Packaged fruit juices and drinks - Juice for thought

Parentree-editors 2008-08-15 03:34:30

Fruits are an important part of eating a balanced meal. However, more and more parents think that packaged fruit juices and drinks are a substitute for fruits. These packaged products are blanketing the market with advertisements and are finding their way into our homes very quickly. It is important that parents understand all the facts surrounding these products before making them a part of your child's diet.

Packaged fruit juices

  • Does the packaged juice you buy contain 100% fruit juice or is it less? Check what you are buying before you buy.
  • A number of packaged juices contain added sugars and sweeteners. These make them more liked by children but the extra sugars can contribute to childhood obesity and infantile diabetes. Diabetes is a very common illness in India. Once a child develops a taste for extra-sweet packaged juices, it is hard for them to accept less sweet but natural juices.
  • Most juices contain Vitamin C, and some contain added fortifiers like calcium, Vitamin A and Vitamin C and this can beneficial for children.
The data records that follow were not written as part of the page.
lemma measure_UNIV: "measure M UNIV = 1"
  using prob_space.prob_space[OF prob] sets_eq_imp_space_eq[OF sets_M] by simp

lemma finite_cover_measure_gt:
  assumes "finite E" and "(\<Union>x\<in>E. A x) = UNIV" and "delta < 1"
  shows "\<exists>E. finite E \<and> delta < measure M (\<Union>x\<in>E. A x)"
  using assms measure_UNIV by auto

lemma katok_R_map_le_flow:
  assumes "delta < 1" and "0 < e" and "real n \<le> t + 1"
  shows "katok_R_map M (\<lambda>x. phi x 1) delta n e \<le> katok_R_flow M phi delta t e"
  unfolding katok_R_map_def katok_R_flow_def
proof (rule Inf_card_cover_mono[OF prob_space.finite_measure[OF prob]])
  show "bowen_ball_flow phi t x e \<subseteq> bowen_ball_map (\<lambda>x. phi x 1) n x e" for x
    using bowen_ball_flow_subset_time_one[OF flow assms(3)] .
  show "bowen_ball_map (\<lambda>x. phi x 1) n x e \<in> sets M" for x
    using open_bowen_ball_map_time_one[OF flow] sets_M by simp
  obtain E where "finite E" and "(\<Union>x\<in>E. bowen_ball_flow phi t x e) = UNIV"
    using finite_bowen_ball_flow_cover[OF compact_space lipschitz assms(2)] .
  then show "\<exists>E. finite E \<and> delta < measure M (\<Union>x\<in>E. bowen_ball_flow phi t x e)"
    using assms(1) by (rule finite_cover_measure_gt)
qed

lemma katok_R_flow_le_map:
  assumes "delta < 1" and "0 < e" and L: "lip_const phi 1 L" and "1 \<le> n" and "t \<le> real n"
  shows "katok_R_flow M phi delta t e \<le> katok_R_map M (\<lambda>x. phi x 1) delta n (e / L)"
  unfolding katok_R_map_def katok_R_flow_def
proof (rule Inf_card_cover_mono[OF prob_space.finite_measure[OF prob]])
  show "bowen_ball_map (\<lambda>x. phi x 1) n x (e / L) \<subseteq> bowen_ball_flow phi t x e" for x
    using bowen_ball_time_one_subset_flow[OF flow L assms(4,5)] .
  show "bowen_ball_flow phi t x e \<in> sets M" for x
    using open_bowen_ball_flow[OF flow lipschitz] sets_M by simp
  have "0 < e / L"
    using assms(2) lip_const_pos[OF L] by simp
  then obtain E where "finite E" and "(\<Union>x\<in>E. bowen_ball_flow phi (real n) x (e / L)) = UNIV"
    using finite_bowen_ball_flow_cover[OF compact_space lipschitz] by metis
  moreover have "bowen_ball_flow phi (real n) x (e / L) \<subseteq> bowen_ball_map (\<lambda>x. phi x 1) n x (e / L)"
    for x
    by (rule bowen_ball_flow_subset_time_one[OF flow]) simp
  ultimately have "(\<Union>x\<in>E. bowen_ball_map (\<lambda>x. phi x 1) n x (e / L)) = UNIV"
    by blast
  with \<open>finite E\<close>
  show "\<exists>E. finite E \<and> delta < measure M (\<Union>x\<in>E. bowen_ball_map (\<lambda>x. phi x 1) n x (e / L))"
    using assms(1) by (rule finite_cover_measure_gt)
qed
However, juice with fortified calcium is not a replacement for milk. Milk contains a number of other ingredients that are good for children. Fruit juices must not be used as a substitute for milk1.
  • Packaged fruit juices contain none of the natural fibres that are in fruit, unless they contain pulp also. Fibre is an important part of children's diets as it improves digestion
  • The act of washing, peeling, biting and chewing fruit teaches our children important physical skills. They young fingers learn how to be flexible and their mouth learns how to mash food before swallowing it. By taking longer to consume the same amount of calories, it reduces overconsumption and keeps them healthy.
  • Behaviourally, eating a whole fruit helps children combat the need for "instant gratification". Instant gratification is the need to get satisfaction immediately and always. While poking open a fruit juice container seems efficient, we are teaching our kids that happiness comes out of a package
  • Paediatricians worldwide recommend that children should eat whole fruits. As parents you should lead by example and eat whole fruits yourself.
  • Make fresh fruit juice by blending the fruit with milk in your mixie. Do not add sugar or strain the pulp  out (unless its for babies who may choke). This can also be stored for some time in the refrigerator and is a far healthier alternative to packaged fruit juices.
  • If your children do not drink fresh fruit juice from a glass, buy some kulfi moulds and freeze the juice. You can serve it to them on plate or put a stick in it so they can hold it and lick it.
  • Paediatricians recommend that juices must not be introduced into infant diets till they are 6 months old1,2
  • Packaged fruit juices, if bought correctly, do help our children's hydration as they contain a lot of water

Packaged fruit drinks

  • These are packaged products that have a fruit sounding name or a fruity logo, but seldom contain 100% fruit juice.
  • They are almost always made with artificial flavours, added synthetic sugars
  • They may also be aerated/carbonated
  • Paediatricians worldwide frown on these products as bad for the long-term health of our children

Parents often think that packaged fruit juices and drinks have the same benefits as fruits and feed them to their children. Often there is also overconsumption as no limit is set on what is perceived to be a healthy source of nutrition. Unfortunately, the truth may be far from it. Check what you are buying, teach your children about healthy eating and set an example yourself by eating natural fruits and drinking fresh fruit juices. Help them develop healthy eating habits early in life and gift them a healthy adulthood also.


1. Hema Gupta and Piyush Gupta, "Viewpoint - Fruit Drinks: How Healthy and Safe", Indian Pediatrics 2008; 45: 215-217

2. "The Use and Misuse of Fruit Juice in Pediatrics", American Academy of Pediatrics, Pediatrics, May 2001. Reaffirmed in February 2007


2010-03-02 22:13:34


Thank you for the valuable information about packaged fruit juices.